The way insurers calculate the cost of your performance car insurance premiums relies on a basically simple and straight forward principle – the cost of the insurer’s outlay in settling any claims needs to be covered by the amount of money received through the insured’s payment of premiums. The principle is described in further detail by the industry’s own regulator, the Association of British Insurers (ABI).
Things then start to get somewhat more complicated since the calculation becomes one of assessing the risk of any such claim actually having to be settled by the insurer.
Naturally, a whole host of factors are taken into account when assessing that risk – including, for example, the make and model of the vehicle, its age and value, the insured’s age and driving record, even the part of the country in which the vehicle is registered.
One of the major factors in the scales used by the insurer is the potential performance of the vehicle – the higher the performance, goes the conventional wisdom, the greater the likelihood of an accident happening, a claim being made and the probability of that claim being higher than usual, to meet the higher costs typically involved in repairs to a high performance vehicle.
Difficulties finding high performance car insurance
So heavily does the risk weigh of an expensive claim being made, that some insurers may want nothing at all to do with insuring a high performance car, or to charge a considerable amount for doing so – either directly, through the cost of the premiums, or less directly by raising a significantly larger excess.
There are specialist insurers, however, who make it their business to arrange cover for high performance vehicles.
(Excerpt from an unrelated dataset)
(* Let $(L_*,b)$ and $(M_*,b)$ be chain complexes, $i:(L_*,b)\to(M_*,b)$ and $p:(M_*,b)\to(L_*,b)$ chain maps, and $h$ a map of degree $+1$ on $M_*$ with $ip=1+bh+hb$. Let $\delta$ be a small perturbation, put $A=(1-\delta h)^{-1}\delta$, and define $$i_\infty=i+hAi,\quad p_\infty=p+pAh,\quad b_\infty=b+pAi.$$ Then each of the following chain maps is null-homotopic: - $i\circ(p i_\infty-1):(L_*,b_\infty)\to(M_*,b)$; - $(p_\infty i-1)\circ p:(M_*,b)\to(L_*,b_\infty)$; - $(p i_\infty-1)\circ p_\infty:(M_*,b+\delta)\to(L_*,b)$; - $i_\infty\circ(p_\infty i-1):(L_*,b)\to(M_*,b+\delta)$.
   Context: Complexes are chain complexes of modules over a ring, with differentials of degree $-1$. A perturbation $\delta$ is a graded map $M_*\to M_*$ of the same degree as $b$ such that $(b+\delta)^2=0$. It is called small if $1-\delta h$ is invertible. It is known (homological perturbation lemma, HR version) that for a small perturbation, $(L_*,b_\infty)$ is a complex, that $i_\infty:(L_*,b_\infty)\to(M_*,b+\delta)$ and $p_\infty:(M_*,b+\delta)\to(L_*,b_\infty)$ are chain maps, and that $i_\infty p_\infty=1+(b+\delta)h_\infty+h_\infty(b+\delta)$, where $h_\infty=h+hAh$. Moreover, $p_\infty i-1:(L_*,b)\to(L_*,b_\infty)$ and $p i_\infty-1:(L_*,b_\infty)\to(L_*,b)$ are chain maps. *)

theory Defs
  imports Main
begin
These tend to have a keener appreciation of the characteristics of such motor cars, the needs and requirements of their owners and effective measures for assessing the risks involved in providing cover.
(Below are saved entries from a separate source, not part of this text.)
(* In a phase position the firing vertices are exactly those whose clock reads 0:
   a vertex with nonzero clock misses at least the chip of its successor neighbour. *)
lemma fires_phase_position:
  assumes "phase_successors a b P \<delta>"
  shows "fires a b (phase_position a b P \<delta> t) v \<longleftrightarrow> v \<in> Kab_vertices a b \<and> clock P \<delta> t v = 0"
proof (cases "v \<in> Kab_vertices a b \<and> clock P \<delta> t v \<noteq> 0")
  case False
  then show ?thesis by (auto simp: fires_def phase_position_def Kab_deg_def)
next
  case True
  then obtain u where u: "Kab_adj a b v u" "\<delta> u mod P = Suc (\<delta> v) mod P"
    using assms by (auto simp: phase_successors_def)
  let ?S = "{u. Kab_adj a b v u \<and> 0 < clock P \<delta> t u \<and> clock P \<delta> t u \<le> clock P \<delta> t v}"
  have "u \<notin> ?S" using clock_successor[OF u(2), of t] by (auto simp: clock_Suc)
  then have "?S \<subset> {u. Kab_adj a b v u}" using u(1) by blast
  then have "card ?S < card {u. Kab_adj a b v u}"
    by (rule psubset_card_mono[OF finite_neighbours[where Q = "\<lambda>_. True", simplified]])
  then show ?thesis using True by (simp add: fires_def phase_position_def Kab_deg_def)
qed

(* After one step every vertex holds one chip per neighbour whose clock is not ahead of its own:
   a firing vertex keeps only the chips of its co-firing neighbours, and a waiting vertex adds
   the chips of the firing neighbours (clock 0) to those it already holds. *)
lemma step_phase_position_count:
  assumes "phase_successors a b P \<delta>" and "v \<in> Kab_vertices a b"
  shows "step a b (phase_position a b P \<delta> t) v
           = card {u. Kab_adj a b v u \<and> clock P \<delta> t u \<le> clock P \<delta> t v}"
proof -
  let ?c = "clock P \<delta> t"
  have received: "card {u. Kab_adj a b v u \<and> fires a b (phase_position a b P \<delta> t) u}
                    = card {u. Kab_adj a b v u \<and> ?c u = 0}"
    using fires_phase_position[OF assms(1)] by (metis (no_types, lifting) Kab_adj_def)
  show ?thesis
  proof (cases "?c v = 0")
    case True
    then show ?thesis using assms received fires_phase_position[OF assms(1)]
      by (simp add: step_def phase_position_def Kab_deg_def)
  next
    case False
    have "step a b (phase_position a b P \<delta> t) v
            = card {u. Kab_adj a b v u \<and> 0 < ?c u \<and> ?c u \<le> ?c v}
              + card {u. Kab_adj a b v u \<and> ?c u = 0}"
      using assms False received fires_phase_position[OF assms(1)]
      by (simp add: step_def phase_position_def)
    also have "\<dots> = card ({u. Kab_adj a b v u \<and> 0 < ?c u \<and> ?c u \<le> ?c v}
                         \<union> {u. Kab_adj a b v u \<and> ?c u = 0})"
      by (rule card_Un_disjoint[symmetric]) (auto intro: finite_neighbours)
    also have "({u. Kab_adj a b v u \<and> 0 < ?c u \<and> ?c u \<le> ?c v} \<union> {u. Kab_adj a b v u \<and> ?c u = 0})
                 = {u. Kab_adj a b v u \<and> ?c u \<le> ?c v}"
      by auto
    finally show ?thesis .
  qed
qed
Here at GSI Insurance, we have close working relationships with a number of such specialist providers – helping to find you not only the cover you need for your high performance car insurance at a competitive price too.
Lightening the load
As with any other kind of insurance, moreover, the more you are able to share the risks with your insurer, the lower the premiums are likely to be – a logical implication of that principle that the cost of premiums needs to cover the risks taken on by the insurer.
An obvious way of sharing that risk is by your agreeing to accept an additional voluntary excess over and above any compulsory excess the insurer may impose.
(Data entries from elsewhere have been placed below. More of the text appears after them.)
(* Let $T$ be a tree on $n$ nodes, rooted at some node $r$, and let $k\ge1$. Call layer $i$ the set of nodes at distance exactly $i$ from $r$. Let $n_i$ be the number of nodes in layer $i$ (so $n_0=1$), and let $h$ be the depth of $T$, i.e., the largest distance from $r$ to a node. Then $$M^T_{k,n}\le \sum_{i=0}^h M^C_{k,n_i}.$$
   Context: For a graph $G$ on $n$ nodes, a measurement matrix for $G$ is a $0$-$1$ matrix with columns indexed by the nodes in which every nonzero row has a support that induces a connected subgraph of $G$. A vector is $k$-sparse if it has at most $k$ nonzero entries. $A$ identifies all $k$-sparse vectors if $Ax_1\ne Ax_2$ for every two distinct $k$-sparse $x_1,x_2\in\mathbb{R}^n$. $M^G_{k,n}$ is the minimum number of rows of a measurement matrix for $G$ that identifies all $k$-sparse vectors. $M^C_{k,N}$ is the minimum number of rows of an arbitrary $0$-$1$ matrix with $N$ columns that identifies all $k$-sparse vectors in $\mathbb{R}^N$. *)

theory Defs
  imports Complex_Main
begin

definition graph :: "'a set \<Rightarrow> ('a \<Rightarrow> 'a \<Rightarrow> bool) \<Rightarrow> bool" where
  "graph V E \<longleftrightarrow> finite V \<and> (\<forall>u v. E u v \<longrightarrow> u \<in> V \<and> v \<in> V \<and> u \<noteq> v \<and> E v u)"

definition induces_connected :: "('a \<Rightarrow> 'a \<Rightarrow> bool) \<Rightarrow> 'a set \<Rightarrow> bool" where
  "induces_connected E S \<longleftrightarrow> S \<noteq> {} \<and>
     (\<forall>u\<in>S. \<forall>v\<in>S. (\<lambda>x y. E x y \<and> x \<in> S \<and> y \<in> S)\<^sup>*\<^sup>* u v)"

definition is_cycle :: "'a set \<Rightarrow> ('a \<Rightarrow> 'a \<Rightarrow> bool) \<Rightarrow> 'a list \<Rightarrow> bool" where
  "is_cycle V E cs \<longleftrightarrow> length cs \<ge> 3 \<and> distinct cs \<and> set cs \<subseteq> V \<and>
     (\<forall>i. Suc i < length cs \<longrightarrow> E (cs ! i) (cs ! Suc i)) \<and> E (last cs) (hd cs)"

definition is_tree :: "'a set \<Rightarrow> ('a \<Rightarrow> 'a \<Rightarrow> bool) \<Rightarrow> bool" where
  "is_tree V E \<longleftrightarrow> graph V E \<and> induces_connected E V \<and> (\<nexists>cs. is_cycle V E cs)"

definition gdist :: "('a \<Rightarrow> 'a \<Rightarrow> bool) \<Rightarrow> 'a \<Rightarrow> 'a \<Rightarrow> nat" where
  "gdist E u v = (LEAST d. (E ^^ d) u v)"

definition layer :: "'a set \<Rightarrow> ('a \<Rightarrow> 'a \<Rightarrow> bool) \<Rightarrow> 'a \<Rightarrow> nat \<Rightarrow> 'a set" where
  "layer V E r i = {v \<in> V. gdist E r v = i}"

definition depth :: "'a set \<Rightarrow> ('a \<Rightarrow> 'a \<Rightarrow> bool) \<Rightarrow> 'a \<Rightarrow> nat" where
  "depth V E r = Max (gdist E r ` V)"

text \<open>A 0-1 matrix with columns indexed by a set C is represented as the list of its rows,
  each row given by its support (a subset of C). The product A x is the list of row sums.\<close>

definition mat_mult :: "'a set list \<Rightarrow> ('a \<Rightarrow> real) \<Rightarrow> real list" where
  "mat_mult A x = map (\<lambda>S. \<Sum>v\<in>S. x v) A"

text \<open>Vectors in R^C: real functions vanishing outside C.  k-sparse: at most k nonzero entries.\<close>
definition sparse_vec :: "'a set \<Rightarrow> nat \<Rightarrow> ('a \<Rightarrow> real) \<Rightarrow> bool" where
  "sparse_vec C k x \<longleftrightarrow> (\<forall>v. v \<notin> C \<longrightarrow> x v = 0) \<and> card {v \<in> C. x v \<noteq> 0} \<le> k"

definition identifies :: "'a set \<Rightarrow> nat \<Rightarrow> 'a set list \<Rightarrow> bool" where
  "identifies C k A \<longleftrightarrow> (\<forall>x1 x2. sparse_vec C k x1 \<and> sparse_vec C k x2 \<and> x1 \<noteq> x2
      \<longrightarrow> mat_mult A x1 \<noteq> mat_mult A x2)"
Security of the vehicle is also an important concern – with high performance vehicles, in particular, likely to attract the unwelcome attention of thieves and vandals. Measures such as burglar alarms and immobilisation devices, therefore, may count a lot for your insurer and be reflected in a moderation of the premiums charged.
Similar concerns are likely to extend to the manner in which the vehicle is going to be parked – with parking in a securely locked garage, for instance, typically earning you greater credit than the car being parked in the street.